Richa Singh received the Ph.D. degree in Computer Science from West Virginia University, Morgantown, USA, in 2008. She is currently an Associate Professor with the IIIT Delhi, India and an Adjunct Associate Professor at West Virginia University, USA. Her areas of interest are biometrics, pattern recognition, and machine learning. She is a recipient of the Kusum and Mohandas Pai Faculty Research Fellowship at the IIIT Delhi, the FAST Award by Department of Science and Technology, India, and several best paper and best poster awards in international conferences. She is an Editorial Board Member of Information Fusion (Elsevier), and Associate Editor of IEEE Access and the EURASIP Journal on Image and Video Processing (Springer). She served as the Program Co-Chair of IEEE BTAS 2016 and General Co-Chair of ISBA 2017. She also served in e-Governance Standards Committee, Government of India, as well as UIDAI Biometric Standards Committee to design biometric standards for Aadhaar.

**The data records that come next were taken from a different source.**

lemma refines_idx_partition:
  assumes "\<And>l. l < n \<Longrightarrow> \<kappa> (js!l) = is!l"
  shows "refines (idx_partition n js) (idx_partition n is)"
  unfolding refines_def
proof
  fix B assume "B \<in> idx_partition n js"
  then obtain k where k: "k < n" and B: "B = {l. l < n \<and> js ! l = js ! k}"
    unfolding idx_partition_def by auto
  have "B \<subseteq> {l. l < n \<and> is ! l = is ! k}"
    unfolding B using k assms by (metis (mono_tags, lifting) Collect_mono)
  moreover have "{l. l < n \<and> is ! l = is ! k} \<in> idx_partition n is"
    unfolding idx_partition_def using k by auto
  ultimately show "\<exists>B'\<in>idx_partition n is. B \<subseteq> B'" by blast
qed

lemma idx_partition_eq_obtains_bij:
  assumes len: "length is = n" "length js = n" and eq: "idx_partition n is = idx_partition n js"
  obtains h where "bij_betw h (set is) (set js)" "\<And>l. l < n \<Longrightarrow> h (is!l) = js!l"
proof
  have eqv: "\<forall>a<n. \<forall>b<n. is!a = is!b \<longleftrightarrow> js!a = js!b"
    using eq idx_partition_eq_iff by blast
  define h where "h v = js ! (SOME l. l < n \<and> is ! l = v)" for v
  show h: "h (is!l) = js!l" if "l < n" for l
  proof -
    have "\<exists>l'. l' < n \<and> is ! l' = is ! l" using that by blast
    then have "(SOME l'. l' < n \<and> is ! l' = is ! l) < n \<and> is ! (SOME l'. l' < n \<and> is ! l' = is ! l) = is ! l"
      by (rule someI_ex)
    then show ?thesis unfolding h_def using eqv that by blast
  qed
  have set_is: "set is = (!) is ` {0..<n}" and set_js: "set js = (!) js ` {0..<n}"
    by (metis len atLeastLessThan_upt list.set_map map_nth)+
  show "bij_betw h (set is) (set js)"
    unfolding bij_betw_def
  proof
    show "inj_on h (set is)"
    proof (rule inj_onI)
      fix x y assume "x \<in> set is" "y \<in> set is" "h x = h y"
      then obtain a b where "a < n" "b < n" "x = is!a" "y = is!b" "js!a = js!b"
        unfolding set_is using h by auto
      then show "x = y" using eqv by simp
    qed
    have "h ` set is = (\<lambda>l. h (is!l)) ` {0..<n}" unfolding set_is by (simp add: image_image)
    also have "\<dots> = set js" unfolding set_js using h by (intro image_cong) auto
    finally show "h ` set is = set js" .
  qed
qed

lemma bij_betw_extend:
  assumes h: "bij_betw h A B" and sub: "A \<subseteq> J" "B \<subseteq> I"
    and fin: "finite J" "finite I" and card: "card J = card I"
  obtains \<kappa> where "bij_betw \<kappa> J I" "\<And>x. x \<in> A \<Longrightarrow> \<kappa> x = h x"
proof -
  have "finite A" "finite B" using sub fin finite_subset by auto
  then have "card (J - A) = card (I - B)"
    using sub card bij_betw_same_card[OF h] by (simp add: card_Diff_subset)
  then obtain g where g: "bij_betw g (J - A) (I - B)"
    using fin by (meson finite_Diff finite_same_card_bij)
  define \<kappa> where "\<kappa> x = (if x \<in> A then h x else g x)" for x
  have "bij_betw \<kappa> (A \<union> (J - A)) (B \<union> (I - B))"
  proof (rule bij_betw_combine)
    show "bij_betw \<kappa> A B" using h by (rule bij_betw_cong[THEN iffD1, rotated]) (simp add: \<kappa>_def)
    show "bij_betw \<kappa> (J - A) (I - B)" using g by (rule bij_betw_cong[THEN iffD1, rotated]) (simp add: \<kappa>_def)
  qed auto
  moreover have "A \<union> (J - A) = J" "B \<union> (I - B) = I" using sub by auto
  ultimately show thesis using that[of \<kappa>] unfolding \<kappa>_def by simp
qed

lemma ex_idx_partition:
  assumes P: "partition_on {0..<n} P" and I: "finite I" and card: "card P \<le> card I"
  shows "\<exists>is. length is = n \<and> set is \<subseteq> I \<and> idx_partition n is = P"
proof -
  obtain e where e: "e ` P \<subseteq> I" "inj_on e P"
    using card_le_inj[OF finite_elements[OF _ P] I card] by blast
  define blk where "blk l = (THE B. B \<in> P \<and> l \<in> B)" for l
  have blk_unique: "\<exists>!B. B \<in> P \<and> l \<in> B" if "l < n" for l
    using P that unfolding partition_on_def disjoint_def by auto
  have blk: "blk l \<in> P \<and> l \<in> blk l" if "l < n" for l
    unfolding blk_def using blk_unique[OF that] by (rule theI')
  have blk_eq: "blk l = B" if "l < n" "B \<in> P" "l \<in> B" for l B
    using blk_unique[OF that(1)] blk[OF that(1)] that by blast
  define ixs where "ixs = map (\<lambda>l. e (blk l)) [0..<n]"
  have "idx_partition n ixs = (\<lambda>k. {l. l < n \<and> blk l = blk k}) ` {0..<n}"
    unfolding idx_partition_def ixs_def
    by (rule image_cong[OF refl]) (use e(2) blk in \<open>auto simp: inj_on_eq_iff\<close>)
  also have "\<dots> = blk ` {0..<n}"
  proof (rule image_cong[OF refl])
    fix k assume "k \<in> {0..<n}"
    then have k: "k < n" by simp
    have sub: "blk k \<subseteq> {0..<n}" using blk[OF k] partition_onD1[OF P] by auto
    show "{l. l < n \<and> blk l = blk k} = blk k"
    proof
      show "{l. l < n \<and> blk l = blk k} \<subseteq> blk k" using blk by auto
      show "blk k \<subseteq> {l. l < n \<and> blk l = blk k}" using sub blk_eq blk[OF k] by auto
    qed
  qed
  also have "\<dots> = P"
  proof
    show "blk ` {0..<n} \<subseteq> P" using blk by auto
    show "P \<subseteq> blk ` {0..<n}"
    proof
      fix B assume B: "B \<in> P"
      then obtain l where "l \<in> B" using partition_onD3[OF P] by (metis ex_in_conv)
      moreover have "l < n" using B \<open>l \<in> B\<close> partition_onD1[OF P] by auto
      ultimately show "B \<in> blk ` {0..<n}" using blk_eq B by force
    qed
  qed
  finally have "idx_partition n ixs = P" .
  moreover have "length ixs = n" "set ixs \<subseteq> I" unfolding ixs_def using e blk by auto
  ultimately show ?thesis by blast
qed

section \<open>Multilinear expansion\<close>

lemma delta_in_SI: "i \<in> I \<Longrightarrow> delta i \<in> SI I"
  unfolding SI_def delta_def by auto

lemma sum_in_SI: "(\<And>j. j \<in> F \<Longrightarrow> g j \<in> SI I) \<Longrightarrow> (\<lambda>x. \<Sum>j\<in>F. a j * g j x) \<in> SI I"
  unfolding SI_def by auto

lemma cI_in_MP: "finite I \<Longrightarrow> I \<noteq> {} \<Longrightarrow> (lam::real) > 0 \<Longrightarrow> (\<lambda>j. lam * cI I j) \<in> MP I"
  unfolding MP_def cI_def by (auto simp: card_gt_0_iff)

lemma tensor_field_sum_slot:
  assumes T: "tensor_field n I T" and \<mu>: "\<mu> \<in> MP I" and Vs: "length Vs = n" "set Vs \<subseteq> SI I"
    and k: "k < n" and F: "finite F" and g: "\<And>j. j \<in> F \<Longrightarrow> g j \<in> SI I"
  shows "T \<mu> (Vs[k := (\<lambda>x. \<Sum>j\<in>F. a j * g j x)]) = (\<Sum>j\<in>F. a j * T \<mu> (Vs[k := g j]))"
proof -
  have lin: "T \<mu> (Vs[k := (\<lambda>j. u * x j + v * y j)]) = u * T \<mu> (Vs[k := x]) + v * T \<mu> (Vs[k := y])"
    if "x \<in> SI I" "y \<in> SI I" for x y u v
    using T \<mu> Vs k that unfolding tensor_field_def by blast
  show ?thesis
    using F g
  proof (induction F rule: finite_induct)
    case empty
    have "T \<mu> (Vs[k := (\<lambda>j. 0 * 0 + 0 * 0)]) = 0 * T \<mu> (Vs[k := (\<lambda>_. 0)]) + 0 * T \<mu> (Vs[k := (\<lambda>_. 0)])"
      by (rule lin) (simp_all add: SI_def)
    then show ?case by simp
  next
    case (insert b F)
    have "(\<lambda>x. \<Sum>j\<in>insert b F. a j * g j x) = (\<lambda>x. a b * g b x + 1 * (\<Sum>j\<in>F. a j * g j x))"
      using insert by simp
    then show ?case
      using insert lin[of "g b" "\<lambda>x. \<Sum>j\<in>F. a j * g j x" "a b" 1] sum_in_SI[of F g I a] by simp
  qed
qed

lemma listset_conv_nth:
  "listset Fs = {js. length js = length Fs \<and> (\<forall>l<length Fs. js!l \<in> Fs!l)}"
proof (induction Fs)
  case Nil
  then show ?case by simp
next
  case (Cons F Fs)
  show ?case
  proof (rule set_eqI)
    fix js
    show "js \<in> listset (F # Fs) \<longleftrightarrow> js \<in> {js. length js = length (F # Fs) \<and> (\<forall>l<length (F # Fs). js!l \<in> (F # Fs)!l)}"
      using Cons by (cases js) (auto simp: set_Cons_def nth_Cons split: nat.splits)
  qed
qed

lemma sum_set_Cons: "(\<Sum>xs\<in>set_Cons A XS. g xs) = (\<Sum>a\<in>A. \<Sum>xs\<in>XS. g (a # xs))"
proof -
  have "set_Cons A XS = (\<lambda>(a, xs). a # xs) ` (A \<times> XS)"
    unfolding set_Cons_def by auto
  then have "(\<Sum>xs\<in>set_Cons A XS. g xs) = (\<Sum>(a, xs)\<in>A \<times> XS. g (a # xs))"
    by (simp add: sum.reindex inj_on_def case_prod_beta)
  then show ?thesis by (simp add: sum.cartesian_product)
qed

lemma tensor_field_expand_sums:
  assumes T: "tensor_field n I T" and \<mu>: "\<mu> \<in> MP I"
    and "\<forall>F\<in>set Fs. F \<subseteq> I \<and> finite F" "set pre \<subseteq> SI I" "length pre + length Fs = n"
  shows "T \<mu> (pre @ map (\<lambda>F x. \<Sum>j\<in>F. c * delta j x) Fs)
    = c ^ length Fs * (\<Sum>js\<in>listset Fs. T \<mu> (pre @ map delta js))"
  using assms(3-5)
  \<comment> \<open>the prefix \<open>pre\<close> of already expanded slots makes the statement inductive\<close>
proof (induction Fs arbitrary: pre)
  case Nil
  then show ?case by simp
next
  case (Cons F Fs)
  define S where "S G = (\<lambda>x. \<Sum>j\<in>G. c * delta j x)" for G
  have S_SI: "S G \<in> SI I" if "G \<subseteq> I" for G
    unfolding S_def using that by (intro sum_in_SI delta_in_SI) auto
  define Vs where "Vs = pre @ (\<lambda>_. 0) # map S Fs"
  have Vs: "length Vs = n" "set Vs \<subseteq> SI I"
    using Cons.prems S_SI unfolding Vs_def by (auto simp: SI_def)
  have upd: "Vs[length pre := G] = pre @ G # map S Fs" for G
    unfolding Vs_def by simp
  have "T \<mu> (pre @ map S (F # Fs)) = T \<mu> (Vs[length pre := S F])"
    by (simp add: upd)
  also have "\<dots> = (\<Sum>j\<in>F. c * T \<mu> (Vs[length pre := delta j]))"
    unfolding S_def
    by (rule tensor_field_sum_slot[OF T \<mu> Vs]) (use Cons.prems in \<open>auto intro: delta_in_SI\<close>)
  also have "\<dots> = (\<Sum>j\<in>F. c * T \<mu> ((pre @ [delta j]) @ map S Fs))"
    by (simp add: upd)
  also have "\<dots> = (\<Sum>j\<in>F. c * (c ^ length Fs * (\<Sum>js\<in>listset Fs. T \<mu> ((pre @ [delta j]) @ map delta js))))"
    unfolding S_def using Cons.prems by (intro sum.cong refl arg_cong[where f = "(*) c"] Cons.IH)
      (auto intro: delta_in_SI)
  also have "\<dots> = c ^ length (F # Fs) * (\<Sum>js\<in>listset (F # Fs). T \<mu> (pre @ map delta js))"
    by (simp add: sum_set_Cons sum_distrib_left mult.assoc)
  finally show ?case unfolding S_def .
qed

Mayank Vatsa received the Ph.D. degree in Computer Science from West Virginia University, Morgantown, USA, in 2008. He is currently Head of Infosys Center for Artificial Intelligence, an Associate Professor with the IIIT Delhi, India and Visiting Professor at West Virginia University, USA. His areas of interest are biometrics, image processing, computer vision, machine learning and information fusion. He is a recipient of the AR Krishnaswamy Faculty Research Fellowship, the FAST Award by DST, India, and several best paper and best poster awards in international conferences. He has published more than 200 peer reviewed papers in journals and conferences. He  is  also  the  Vice  President  (Publications)  of  IEEE  Biometrics Council, an Associate Editor of the IEEE Access, and an Area Editor of Information Fusion (Elsevier). He served as the PC Co-Chair of ICB 2013, IJCB 2014, and ISBA 2017. He also served in e-Governance Standards Committee, Government of India, as well as UIDAI Standards Committee to design biometric standards for nation-wide projects in India.